Looking back, there have been 25 four-month periods since 1992 when
the S&P 500 dropped 10% or more, and at first glance, they don’t seem
like the worst time to have put money to work: The index has gained a
median 2.6% during the six months after those drops.
That understates both the potential risks and rewards. Ten of those
declines occurred from January 2000 through October 2002—the popping
of the internet bubble—and just four were followed by gains over the
following six months. Another nine occurred at the beginning and the
end of the 2007-09 financial crisis, with five followed by big gains.

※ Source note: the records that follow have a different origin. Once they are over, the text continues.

lemma integrable_omega_sy_origin_moment:
  assumes "0 < \<sigma>" and h: "h \<in> borel_measurable lebesgue" "\<And>x. \<bar>h x\<bar> \<le> 1"
  shows "integrable lebesgue (\<lambda>x. h x * omega_sy \<omega> \<sigma> 0 x ^ 6)"
proof -
  obtain w where w: "integrable lebesgue w"
    "\<And>\<sigma>' x. \<sigma>' \<in> {\<sigma>..\<sigma>} \<Longrightarrow> \<bar>omega_sy \<omega> \<sigma>' 0 x\<bar> ^ 6 \<le> w x"
    using omega_sy_origin_dominated[OF assms(1)] by blast
  show ?thesis
  proof (rule Bochner_Integration.integrable_bound[OF w(1)])
    show "(\<lambda>x. h x * omega_sy \<omega> \<sigma> 0 x ^ 6) \<in> borel_measurable lebesgue"
      using h(1) omega_sy_origin_measurable[OF assms(1)] by measurable
    have bound: "\<bar>h x * omega_sy \<omega> \<sigma> 0 x ^ 6\<bar> \<le> w x" for x
      using w(2)[of \<sigma> x] mult_right_mono[OF h(2)[of x], of "omega_sy \<omega> \<sigma> 0 x ^ 6"]
      by (simp add: abs_mult zero_le_even_power)
    show "AE x in lebesgue. norm (h x * omega_sy \<omega> \<sigma> 0 x ^ 6) \<le> norm (w x)"
      using order_trans[OF bound abs_ge_self] by (intro AE_I2) simp
  qed
qed

lemma continuous_on_omega_sy_origin_moment:
  assumes "0 < a" and h: "h \<in> borel_measurable lebesgue" "\<And>x. \<bar>h x\<bar> \<le> 1"
  shows "continuous_on {a..b} (\<lambda>\<sigma>. LINT x|lebesgue. h x * omega_sy \<omega> \<sigma> 0 x ^ 6)"
proof -
  obtain w where w: "integrable lebesgue w"
    "\<And>\<sigma> x. \<sigma> \<in> {a..b} \<Longrightarrow> \<bar>omega_sy \<omega> \<sigma> 0 x\<bar> ^ 6 \<le> w x"
    using omega_sy_origin_dominated[OF assms(1)] by auto
  show ?thesis
  proof (rule continuous_on_integral_dominated[OF _ _ _ w(1)])
    show "(\<lambda>x. h x * omega_sy \<omega> \<sigma> 0 x ^ 6) \<in> borel_measurable lebesgue" if "\<sigma> \<in> {a..b}" for \<sigma>
    proof -
      have "0 < \<sigma>"
        using that assms by auto
      then show ?thesis
        using h(1) omega_sy_origin_measurable by measurable
    qed
    show "continuous_on {a..b} (\<lambda>\<sigma>. h x * omega_sy \<omega> \<sigma> 0 x ^ 6)" for x
    proof -
      have "{a..b} \<subseteq> {0<..}"
        using assms by auto
      then show ?thesis
        by (intro continuous_intros continuous_on_subset[OF continuous_on_omega_sy_origin_scale])
    qed
    show "\<bar>h x * omega_sy \<omega> \<sigma> 0 x ^ 6\<bar> \<le> w x" if "\<sigma> \<in> {a..b}" for \<sigma> x
      using w(2)[OF that, of x] mult_right_mono[OF h(2)[of x], of "omega_sy \<omega> \<sigma> 0 x ^ 6"]
      by (simp add: abs_mult zero_le_even_power)
  qed
qed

You had to catch the end of the bear, not its beginning, to make
money.
Not every four-month decline occurred during a recession or even
resulted in a prolonged fall. In 1998, the S&P 500 fell 14% due to a
Russian debt default that threatened to spill over into the global
financial system, before rallying 29% over the next six months. The
European debt crisis and the U.S. debt-ceiling showdown in 2010 and
2011 also caused double-digit declines that were followed by large
gains.
The point isn’t that the market won’t keep falling. This past week’s
selloff on what weren’t terrible earnings is certainly
disconcerting—and we don’t need the 1970s or 1930s comparisons to tell
us that. BofA Securities strategist Savita Subramanian says one-third
of a recession is already priced in, given that the S&P 500 drops an
average of 32% during a bear market.
If a recession occurs, it will be painful enough. We don’t have to
travel back in time to decades past for a reminder.